▸ Task statement
Determine the number of lines below that contain "from". Write nothing but that number.

▸ Provided records
* * * * * * *

(* Let $n\ge 2$, let $P\neq[n,n-1,\ldots,1]$ be an arithmetically progressed permutation of length $n$ with ratio $k$, and let $\mathsf{T}_P$ be its associated ternary string. Then the matrix-based BWT of $\mathsf{T}_P$ coincides with the suffix-array-based BWT of $\mathsf{T}_P$.
   Context: Alphabet $\{\mathtt{a}<\mathtt{b}<\mathtt{c}\}$, lexicographic order $\prec$ with a proper prefix smaller than the longer string; suffix array $\mathsf{SA}_{\mathsf{T}}$: permutation of $[1..n]$ such that $\mathsf{T}[\mathsf{SA}_{\mathsf{T}}[i]..n]$ is the $i$-th smallest suffix. $x\bmod n$ denotes the representative of $x$ modulo $n$ in $[1..n]$. An arithmetically progressed permutation of length $n$ with ratio $k\in[1..n-1]$ is a permutation $P=[p_1,\ldots,p_n]$ of $[1..n]$ with $p_{i+1}=p_i+k\bmod n$. Ternary string associated with $P$: cut $P$ immediately after the entry $n-k$ and immediately after the entry $(p_1-k-1)\bmod n$, giving consecutive possibly empty blocks $A,B,C$ with $P=ABC$; set $\mathsf{T}_P[p_i]=\mathtt{a},\mathtt{b},\mathtt{c}$ according as $p_i$ lies in $A$, $B$, $C$. Suffix-array-based BWT: $\mathsf{BWT}_{\mathsf{T}}[i]=\mathsf{T}[\mathsf{SA}_{\mathsf{T}}[i]-1\bmod n]$. Matrix-based BWT: sort the $n$ cyclic rotations $\mathsf{T}[j..n]\mathsf{T}[1..j-1]$ lexicographically and read, top to bottom, the last character of each sorted rotation. *)

theory Defs
  imports Main "HOL-Library.List_Lexorder"
begin

datatype tern = TA | TB | TC

fun tern_rank :: "tern \<Rightarrow> nat" where
  "tern_rank TA = 0" | "tern_rank TB = 1" | "tern_rank TC = 2"

instantiation tern :: linorder
begin
definition less_eq_tern_def: "(x::tern) \<le> y \<longleftrightarrow> tern_rank x \<le> tern_rank y"
definition less_tern_def: "(x::tern) < y \<longleftrightarrow> tern_rank x < tern_rank y"
instance
proof
  fix x y z :: tern
  show "x < y \<longleftrightarrow> x \<le> y \<and> \<not> y \<le> x" by (auto simp: less_eq_tern_def less_tern_def)
  show "x \<le> x" by (simp add: less_eq_tern_def)
  show "x \<le> y \<Longrightarrow> y \<le> z \<Longrightarrow> x \<le> z" by (simp add: less_eq_tern_def)
  show "x \<le> y \<Longrightarrow> y \<le> x \<Longrightarrow> x = y"
    by (cases x; cases y) (simp_all add: less_eq_tern_def)
  show "x \<le> y \<or> y \<le> x" by (auto simp: less_eq_tern_def)
qed
end

text \<open>x mod n with representative in [1..n].\<close>
definition modn :: "int \<Rightarrow> nat \<Rightarrow> nat" where
  "modn x n = nat ((x - 1) mod int n) + 1"

text \<open>Strings are lists, 1-indexed in the paper: T[i] = T ! (i-1).
  Suffix T[i..n] and rotation T[j..n]T[1..j-1].\<close>
definition suffix_at :: "'a list \<Rightarrow> nat \<Rightarrow> 'a list" where
  "suffix_at T i = drop (i - 1) T"

definition rotation_at :: "'a list \<Rightarrow> nat \<Rightarrow> 'a list" where
  "rotation_at T j = drop (j - 1) T @ take (j - 1) T"

definition is_suffix_array :: "'a::linorder list \<Rightarrow> nat list \<Rightarrow> bool" where
  "is_suffix_array T SA \<longleftrightarrow> length SA = length T \<and> distinct SA \<and>
     set SA = {1..length T} \<and>
     (\<forall>i j. i < j \<and> j < length SA \<longrightarrow> suffix_at T (SA ! i) < suffix_at T (SA ! j))"

definition bwt_sa :: "'a list \<Rightarrow> nat list \<Rightarrow> 'a list" where
  "bwt_sa T SA = map (\<lambda>s. T ! (modn (int s - 1) (length T) - 1)) SA"

definition bwt_matrix :: "'a::linorder list \<Rightarrow> 'a list" where
  "bwt_matrix T = map last (sort (map (rotation_at T) [1..<length T + 1]))"

definition arith_prog_perm :: "nat \<Rightarrow> nat \<Rightarrow> nat list \<Rightarrow> bool" where
  "arith_prog_perm n k P \<longleftrightarrow> length P = n \<and> distinct P \<and> set P = {1..n} \<and>
     1 \<le> k \<and> k \<le> n - 1 \<and>
     (\<forall>i. i + 1 < n \<longrightarrow> P ! (i + 1) = modn (int (P ! i) + int k) n)"

definition cut_after :: "nat list \<Rightarrow> nat \<Rightarrow> nat" where
  "cut_after P v = Suc (THE i. i < length P \<and> P ! i = v)"

definition ternary_string :: "nat \<Rightarrow> nat \<Rightarrow> nat list \<Rightarrow> tern list" where
  "ternary_string n k P =
     (let c1 = cut_after P (n - k);
          c2 = cut_after P (modn (int (P ! 0) - int k - 1) n);
          lo = min c1 c2; hi = max c1 c2;
          A = take lo P; B = drop lo (take hi P)
      in map (\<lambda>v. if v \<in> set A then TA else if v \<in> set B then TB else TC) [1..<n + 1])"

end

theory Submission
  imports Defs "HOL-Library.Multiset"
begin

(* Rank the text positions v by pos v, the index of v in P. The letter at v depends only on
   the block of P containing v, so letters are non-decreasing in rank. Adding 1 modulo n is
   the same as adding m*k, where m is the index of p_1 + 1 in P; hence one cyclic step to the
   right in the text adds m to the rank modulo n. The cut after (p_1-k-1) mod n lies exactly
   at n - m, so inside a block of equal letters this step preserves the rank order.
   Reading two rotations in parallel, the rank order therefore persists along their common
   prefix and the first differing letters are ordered like the ranks: the sorted rotations
   are the rotations in rank order. The same holds for suffixes, since the cut after n - k
   makes position n the first of its letter block, so of two suffixes that agree until the
   text ends, the shorter one has the smaller rank. The suffix array thus lists the positions
   in rank order, and both transforms read the same letters. *)

lemma int_modn: "n > 0 \<Longrightarrow> int (modn x n) = (x - 1) mod int n + 1"
  unfolding modn_def by simp

lemma modn_mem: "n > 0 \<Longrightarrow> modn x n \<in> {1..n}"
  unfolding modn_def by (simp add: nat_less_iff Suc_leI)

lemma modn_of_mem: "v \<in> {1..n} \<Longrightarrow> modn (int v) n = v"
  unfolding modn_def by auto

lemma modn_eq_iff: "n > 0 \<Longrightarrow> modn x n = modn y n \<longleftrightarrow> x mod int n = y mod int n"
proof -
  assume n: "n > 0"
  have "modn x n = modn y n \<longleftrightarrow> (x - 1) mod int n = (y - 1) mod int n"
    using int_modn[OF n, of x] int_modn[OF n, of y] by (metis add_right_cancel of_nat_eq_iff)
  also have "\<dots> \<longleftrightarrow> x mod int n = y mod int n"
    by (simp add: mod_eq_dvd_iff)
  finally show ?thesis .
qed

lemma modn_add: "n > 0 \<Longrightarrow> modn (int (modn x n) + y) n = modn (x + y) n"
proof -
  assume n: "n > 0"
  have "((x - 1) mod int n + 1 + y) mod int n = (x - 1 + 1 + y) mod int n"
    by (metis mod_add_left_eq)
  then show ?thesis using n by (simp add: modn_eq_iff int_modn)
qed

lemma modn_add_mod: "n > 0 \<Longrightarrow> modn (x + int (i mod n) * y) n = modn (x + int i * y) n"
proof -
  assume n: "n > 0"
  have "(x + int (i mod n) * y) mod int n = (x + (int i mod int n) * y) mod int n"
    by (simp add: zmod_int)
  also have "\<dots> = (x + int i * y) mod int n"
    by (metis mod_add_right_eq mod_mult_left_eq)
  finally show ?thesis using n by (simp add: modn_eq_iff)
qed

lemma modn_plus_one: "v \<in> {1..n} \<Longrightarrow> modn (int v + 1) n = v mod n + 1"
  unfolding modn_def by (auto simp: nat_mod_as_int)

lemma mod_add_strict_mono:
  fixes a b m n :: nat
  assumes "a < b" "b < n" "m < n" "\<not> (a < n - m \<and> n - m \<le> b)"
  shows "(a + m) mod n < (b + m) mod n"
proof (cases "b + m < n")
  case False
  then have "n \<le> a + m" using assms by linarith
  then have "(a + m) mod n = a + m - n" "(b + m) mod n = b + m - n"
    using assms by (simp_all add: mod_if)
  then show ?thesis using assms \<open>n \<le> a + m\<close> by linarith
qed (use assms in simp)

lemma le_list_nthI:
  fixes xs ys :: "'a::linorder list"
  assumes "length xs = length ys"
    and "\<And>t. t < length xs \<Longrightarrow> (\<forall>s<t. xs ! s = ys ! s) \<Longrightarrow> xs ! t \<le> ys ! t"
  shows "xs \<le> ys"
  using assms
proof (induction xs arbitrary: ys)
  case (Cons x xs)
  then obtain y ys' where ys: "ys = y # ys'" by (cases ys) auto
  have "x \<le> y" using Cons.prems(2)[of 0] ys by simp
  moreover have "xs \<le> ys'" if "x = y"
  proof (rule Cons.IH)
    show "length xs = length ys'" using Cons.prems(1) ys by simp
    fix t assume t: "t < length xs" and "\<forall>s<t. xs ! s = ys' ! s"
    then have "\<forall>s<Suc t. (x # xs) ! s = ys ! s"
      using ys \<open>x = y\<close> by (auto simp: less_Suc_eq_0_disj)
    then show "xs ! t \<le> ys' ! t"
      using Cons.prems(2)[of "Suc t"] ys t by simp
  qed
  ultimately show ?case using ys by auto
qed simp

lemma nth_rotation_at:
  assumes "length T = n" "v \<in> {1..n}" "t < n"
  shows "rotation_at T v ! t = T ! (modn (int v + int t) n - 1)"
proof -
  have "int v + int t - 1 = int (v - 1 + t)" using assms(2) by auto
  then have eq: "modn (int v + int t) n - 1 = (v - 1 + t) mod n"
    unfolding modn_def by (metis add_diff_cancel_right' nat_int zmod_int)
  show ?thesis
    unfolding eq rotation_at_def using assms by (auto simp: nth_append mod_if add.commute)
qed

lemma last_rotation_at:
  assumes "s \<in> {1..length T}"
  shows "last (rotation_at T s) = T ! (modn (int s - 1) (length T) - 1)"
proof (cases "s = 1")
  case True
  have "length T > 0" using assms by auto
  then have "nat (- 1 mod int (length T)) = length T - 1"
    by (simp add: zmod_minus1 nat_diff_distrib)
  then show ?thesis
    using \<open>length T > 0\<close> True by (simp add: rotation_at_def modn_def last_conv_nth)
next
  case False
  then have "modn (int s - 1) (length T) = s - 1"
    using assms unfolding modn_def by auto
  moreover have "last (rotation_at T s) = T ! (s - 2)"
  proof -
    have "take (s - 1) T \<noteq> []" "s - 2 < s - 1" "s - 1 < length T"
      using False assms by auto
    then show ?thesis
      by (simp add: rotation_at_def last_append last_conv_nth min_def nth_take numeral_2_eq_2)
  qed
  ultimately show ?thesis by (simp add: numeral_2_eq_2)
qed

lemma bwt_matrix_eq_bwt_sa_if_sorted:
  assumes sa: "is_suffix_array T SA" and sorted: "sorted (map (rotation_at T) SA)"
  shows "bwt_matrix T = bwt_sa T SA"
proof -
  have set_SA: "set SA = {1..length T}" and "distinct SA"
    using sa unfolding is_suffix_array_def by auto
  moreover have "set [1..<length T + 1] = {1..length T}" by auto
  ultimately have "mset SA = mset [1..<length T + 1]"
    by (metis distinct_upt set_eq_iff_mset_eq_distinct)
  then have "sort (map (rotation_at T) [1..<length T + 1]) = map (rotation_at T) SA"
    using properties_for_sort sorted by (metis mset_map)
  then have "bwt_matrix T = map (\<lambda>s. last (rotation_at T s)) SA"
    unfolding bwt_matrix_def by simp
  also have "\<dots> = bwt_sa T SA"
    unfolding bwt_sa_def by (rule map_cong[OF refl]) (use set_SA last_rotation_at in blast)
  finally show ?thesis .
qed

lemma suffix_at_Cons:
  "v \<in> {1..length T} \<Longrightarrow> suffix_at T v = T ! (v - 1) # suffix_at T (v + 1)"
  unfolding suffix_at_def using Cons_nth_drop_Suc[of "v - 1" T] by auto
lemma integral_power_cos_sqrt_bound:
  fixes c T \<theta> :: real assumes "c > 0" "T > 0"
  shows "\<bar>integral {T..2*T} (\<lambda>x. x ^ p * cos (c * sqrt x + \<theta>))\<bar> \<le> 2 ^ (p + 3) * (real p + 2) * T ^ p * sqrt T / c"
proof -
  \<comment> \<open>integration by parts against \<open>d/dx sin (c sqrt x + \<theta>) = c / (2 sqrt x) * cos (c sqrt x + \<theta>)\<close>\<close>
  define F where "F x = 2 / c * (x ^ p * sqrt x) * sin (c * sqrt x + \<theta>)" for x
  define h where "h x = 2 / c * (real p * x ^ (p - 1) * sqrt x + x ^ p / (2 * sqrt x)) * sin (c * sqrt x + \<theta>)" for x
  define g where "g x = x ^ p * cos (c * sqrt x + \<theta>)" for x
  have FTC: "((\<lambda>x. g x + h x) has_integral (F (2*T) - F T)) {T..2*T}"
  proof (rule fundamental_theorem_of_calculus)
    fix x assume "x \<in> {T..2*T}"
    then have "x > 0" using assms by simp
    from has_real_derivative_power_sqrt_sin[OF this assms(1), of p \<theta>]
    show "(F has_vector_derivative g x + h x) (at x within {T..2*T})"
      unfolding F_def g_def h_def
      by (simp add: has_real_derivative_iff_has_vector_derivative[symmetric] has_field_derivative_at_within)
  qed (use assms in simp)
  have "g integrable_on {T..2*T}" "h integrable_on {T..2*T}"
    unfolding g_def h_def using assms
    by (auto intro!: integrable_continuous_interval continuous_intros)
  then have "F (2*T) - F T = integral {T..2*T} g + integral {T..2*T} h"
    using has_integral_unique[OF FTC has_integral_add[OF integrable_integral integrable_integral]] by blast
  then have "\<bar>integral {T..2*T} g\<bar> \<le> \<bar>F (2*T)\<bar> + \<bar>F T\<bar> + norm (integral {T..2*T} h)"
    by simp
  also have "\<dots> \<le> 2 / c * (2^p * T^p * (2 * sqrt T)) + 2 / c * (2^p * T^p * (2 * sqrt T))
     + 2 / c * ((real p + 1) * (2^p * T^p) / sqrt T) * T"
  proof (intro add_mono)
    have "\<bar>F x\<bar> \<le> 2 / c * (2^p * T^p * (2 * sqrt T))" if "x \<in> {T..2*T}" for x
    proof -
      have x: "0 \<le> x" "x \<le> 2*T" using that assms by auto
      have "\<bar>F x\<bar> = 2 / c * (x ^ p * sqrt x) * \<bar>sin (c * sqrt x + \<theta>)\<bar>"
        unfolding F_def using assms x by (simp add: abs_mult)
      also have "\<dots> \<le> 2 / c * (x ^ p * sqrt x)"
        using assms x by (intro mult_right_le_one_le) auto
      also have "\<dots> \<le> 2 / c * ((2 * T) ^ p * sqrt (4 * T))"
        using assms x by (intro mult_left_mono mult_mono power_mono real_sqrt_le_mono) auto
      finally show ?thesis by (simp add: power_mult_distrib real_sqrt_mult)
    qed
    then show "\<bar>F (2*T)\<bar> \<le> 2 / c * (2^p * T^p * (2 * sqrt T))" "\<bar>F T\<bar> \<le> 2 / c * (2^p * T^p * (2 * sqrt T))"
      using assms by auto
    have "norm (h x) \<le> 2 / c * ((real p + 1) * (2^p * T^p) / sqrt T)" if "x \<in> cbox T (2*T)" for x
      unfolding h_def real_norm_def
      by (rule abs_amplitude_deriv_sin_le) (use that assms in \<open>auto simp: cbox_interval\<close>)
    from has_integral_bound[OF _ integrable_integral[OF \<open>h integrable_on {T..2*T}\<close>[folded cbox_interval]] this]
    show "norm (integral {T..2*T} h) \<le> 2 / c * ((real p + 1) * (2^p * T^p) / sqrt T) * T"
      using assms by (simp add: cbox_interval)
  qed
  also have "\<dots> = 2 / c * 2 ^ p * T ^ p * (4 * sqrt T + (real p + 1) * (T / sqrt T))"
    using assms by (simp add: field_simps)
  also have "\<dots> = 2 / c * 2 ^ p * T ^ p * sqrt T * (real p + 5)"
    using assms by (simp add: real_div_sqrt algebra_simps)
  also have "\<dots> \<le> 2 ^ (p + 3) * (real p + 2) * T ^ p * sqrt T / c"
    using assms by (simp add: field_simps power_add)
  finally show ?thesis unfolding g_def .
qed

lemma prod_powr_eighth_le_sum_sqrt:
  fixes a b c d :: real assumes "0 \<le> a" "0 \<le> b" "0 \<le> c" "0 \<le> d"
  shows "(a * b * c * d) powr (1/8) \<le> sqrt a + sqrt b + sqrt c + sqrt d"
proof -
  define S where "S = sqrt a + sqrt b + sqrt c + sqrt d"
  have "S \<ge> 0" "sqrt a \<le> S" "sqrt b \<le> S" "sqrt c \<le> S" "sqrt d \<le> S"
    unfolding S_def using assms by auto
  then have "sqrt a * sqrt b * sqrt c * sqrt d \<le> S * S * S * S"
    using assms by (intro mult_mono) auto
  have "(a * b * c * d) powr (1/8) = (sqrt a * sqrt b * sqrt c * sqrt d) powr (1/4)"
    using assms by (simp add: powr_half_sqrt[symmetric] powr_powr powr_mult)
  also have "\<dots> \<le> (S * S * S * S) powr (1/4)"
    using \<open>sqrt a * sqrt b * sqrt c * sqrt d \<le> S * S * S * S\<close> assms by (intro powr_mono2) auto
  also have "\<dots> = (S powr 4) powr (1/4)"
    using powr_realpow'[OF \<open>S \<ge> 0\<close>, of 4] by (simp add: power4_eq_xxxx)
  also have "\<dots> = S"
    using \<open>S \<ge> 0\<close> by (subst powr_powr) simp
  finally show ?thesis unfolding S_def .
qed

lemma abs_sum4_le_mult_power4:
  fixes f :: "'a \<Rightarrow> 'a \<Rightarrow> 'a \<Rightarrow> 'a \<Rightarrow> real" and w :: "'a \<Rightarrow> real"
  assumes "\<And>n m k l. n \<in> A \<Longrightarrow> m \<in> A \<Longrightarrow> k \<in> A \<Longrightarrow> l \<in> A \<Longrightarrow>
    \<bar>f n m k l\<bar> \<le> B * (w n * w m * w k * w l)"
  shows "\<bar>\<Sum>n\<in>A. \<Sum>m\<in>A. \<Sum>k\<in>A. \<Sum>l\<in>A. f n m k l\<bar> \<le> B * (sum w A) ^ 4"
proof -
  have "\<bar>\<Sum>n\<in>A. \<Sum>m\<in>A. \<Sum>k\<in>A. \<Sum>l\<in>A. f n m k l\<bar>
      \<le> (\<Sum>n\<in>A. \<Sum>m\<in>A. \<Sum>k\<in>A. \<Sum>l\<in>A. B * (w n * w m * w k * w l))"
    using assms by (intro order.trans[OF sum_abs] sum_mono) blast+
  also have "\<dots> = B * (sum w A) ^ 4"
    by (simp add: eval_nat_numeral sum_distrib_left sum_distrib_right mult_ac)
  finally show ?thesis .
qed

definition osc_integral :: "nat \<Rightarrow> real \<Rightarrow> nat \<Rightarrow> nat \<Rightarrow> nat \<Rightarrow> nat \<Rightarrow> real" where
  "osc_integral p T n m k l = integral {T..2*T} (\<lambda>x. x ^ p *
     cos (4 * pi * (sqrt (real n) + sqrt (real m) + sqrt (real k) + sqrt (real l)) * sqrt x - pi))"

lemma integral_S4_eq:
  "integral {T..2*T} (S4 \<kappa> a T) = (1/8) *
     (\<Sum>n=1..nat \<lfloor>T powr (3/4)\<rfloor>. \<Sum>m=1..nat \<lfloor>T powr (3/4)\<rfloor>. \<Sum>k=1..nat \<lfloor>T powr (3/4)\<rfloor>. \<Sum>l=1..nat \<lfloor>T powr (3/4)\<rfloor>.
        g4 \<kappa> a (T powr (3/4)) n m k l * osc_integral (2 * \<kappa> - 1) T n m k l)"
proof -
  have summand: "((\<lambda>x. g * x ^ p * cos (c * sqrt x - pi)) has_integral
      g * integral {T..2*T} (\<lambda>x. x ^ p * cos (c * sqrt x - pi))) {T..2*T}" for g c :: real and p
    unfolding mult.assoc
    by (intro has_integral_mult_right integrable_integral integrable_continuous_interval continuous_intros)
  show ?thesis
    unfolding S4_def Let_def osc_integral_def
    by (intro integral_unique has_integral_mult_right has_integral_sum finite_atLeastAtMost ballI summand)
qed

lemma abs_osc_integral_le:
  assumes "1 \<le> n" "1 \<le> m" "1 \<le> k" "1 \<le> l" "T > 0"
  shows "\<bar>osc_integral p T n m k l\<bar>
    \<le> 2 ^ (p + 3) * (real p + 2) * T ^ p * sqrt T / (4 * pi * real (n * m * k * l) powr (1/8))"
proof -
  define s where "s = sqrt (real n) + sqrt (real m) + sqrt (real k) + sqrt (real l)"
  have P: "0 < real (n * m * k * l) powr (1/8)" "real (n * m * k * l) powr (1/8) \<le> s"
    unfolding s_def using assms by (auto intro: prod_powr_eighth_le_sum_sqrt)
  then have "s > 0" by linarith
  have "\<bar>osc_integral p T n m k l\<bar> \<le> 2 ^ (p + 3) * (real p + 2) * T ^ p * sqrt T / (4 * pi * s)"
    using integral_power_cos_sqrt_bound[of "4 * pi * s" T p "- pi"] \<open>s > 0\<close> assms
    unfolding osc_integral_def s_def by (simp add: mult.assoc)
  also have "\<dots> \<le> 2 ^ (p + 3) * (real p + 2) * T ^ p * sqrt T / (4 * pi * real (n * m * k * l) powr (1/8))"
    using P \<open>s > 0\<close> assms by (intro divide_left_mono mult_left_mono mult_pos_pos) auto
  finally show ?thesis .
qed

text \<open>The exponent \<open>-7/8 = (\<kappa>-1)/2 - (\<kappa>/2 + 1/4) - 1/8\<close> combines Deligne's bound, the
  normalisation in \<open>g4\<close> and the saving \<open>n^(-1/8)\<close> from the oscillation.\<close>
definition divisor_weight :: "nat \<Rightarrow> real" where
  "divisor_weight n = real (divisor_count n) * real n powr (-7/8)"

lemma abs_div_powr_le_divisor_weight:
  assumes "\<bar>a n\<bar> \<le> C * real n powr ((real \<kappa> - 1) / 2) * real (divisor_count n)" "n \<ge> 1"
  shows "\<bar>a n\<bar> / real n powr (real \<kappa> / 2 + 3/8) \<le> C * divisor_weight n"
proof -
  have "\<bar>a n\<bar> / real n powr (real \<kappa> / 2 + 3/8)
      \<le> C * real n powr ((real \<kappa> - 1) / 2) * real (divisor_count n) / real n powr (real \<kappa> / 2 + 3/8)"
    using assms by (intro divide_right_mono) auto
  also have "\<dots> = C * real (divisor_count n) * real n powr ((real \<kappa> - 1) / 2 - (real \<kappa> / 2 + 3/8))"
    by (simp add: powr_diff)
  also have "\<dots> = C * divisor_weight n"
    by (simp add: divisor_weight_def field_simps)
  finally show ?thesis .
qed

lemma abs_g4_mult_osc_integral_le:
  assumes deligne: "\<forall>n\<ge>1. \<bar>a n\<bar> \<le> C * real n powr ((real \<kappa> - 1) / 2) * real (divisor_count n)"
    and "n \<in> {1..N}" "m \<in> {1..N}" "k \<in> {1..N}" "l \<in> {1..N}" "real N \<le> y" "T > 0"
  shows "\<bar>g4 \<kappa> a y n m k l * osc_integral p T n m k l\<bar>
    \<le> 2 ^ (p + 3) * (real p + 2) * T ^ p * sqrt T / (4 * pi) * C ^ 4 *
       (divisor_weight n * divisor_weight m * divisor_weight k * divisor_weight l)"
proof -
  define B where "B = 2 ^ (p + 3) * (real p + 2) * T ^ p * sqrt T / (4 * pi)"
  define q where "q n = \<bar>a n\<bar> / real n powr (real \<kappa> / 2 + 3/8)" for n
  have B: "B \<ge> 0" unfolding B_def using assms by simp
  have pos: "real n > 0" "real m > 0" "real k > 0" "real l > 0" using assms by auto
  have "real n \<le> y" "real m \<le> y" "real k \<le> y" "real l \<le> y"
    using assms by auto
  then have "\<bar>g4 \<kappa> a y n m k l * osc_integral p T n m k l\<bar>
      = \<bar>a n\<bar> * \<bar>a m\<bar> * \<bar>a k\<bar> * \<bar>a l\<bar> / real (n * m * k * l) powr (real \<kappa> / 2 + 1/4) *
        \<bar>osc_integral p T n m k l\<bar>"
    unfolding g4_def by (simp add: abs_mult abs_divide)
  also have "\<dots> \<le> \<bar>a n\<bar> * \<bar>a m\<bar> * \<bar>a k\<bar> * \<bar>a l\<bar> / real (n * m * k * l) powr (real \<kappa> / 2 + 1/4) *
      (B / real (n * m * k * l) powr (1/8))"
    using abs_osc_integral_le[of n m k l T p] assms unfolding B_def
    by (intro mult_left_mono) (auto simp: field_simps)
  also have "\<dots> = B * (\<bar>a n\<bar> * \<bar>a m\<bar> * \<bar>a k\<bar> * \<bar>a l\<bar>) / real (n * m * k * l) powr (real \<kappa> / 2 + 3/8)"
  proof -
    have "real \<kappa> / 2 + 3/8 = (real \<kappa> / 2 + 1/4) + 1/8" by simp
    then show ?thesis by (simp only: powr_add) simp
  qed
  also have "\<dots> = B * (q n * q m * q k * q l)"
    using pos by (simp add: q_def powr_mult)
  also have "\<dots> \<le> B * ((C * divisor_weight n) * (C * divisor_weight m) * (C * divisor_weight k) * (C * divisor_weight l))"
  proof -
    define W where "W i = C * divisor_weight i" for i
    have q: "0 \<le> q i" "q i \<le> W i" if "i \<ge> 1" for i
      using deligne that unfolding q_def W_def by (auto intro: abs_div_powr_le_divisor_weight)
    have "q n * q m * q k * q l \<le> W n * W m * W k * W l"
      using assms q order.trans[OF q] by (intro mult_mono mult_nonneg_nonneg) auto
    then show ?thesis unfolding W_def using B by (rule mult_left_mono)
  qed
  finally show ?thesis
    unfolding B_def by (simp add: eval_nat_numeral mult_ac)
qed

* * * * * * *

▸ Task answer
3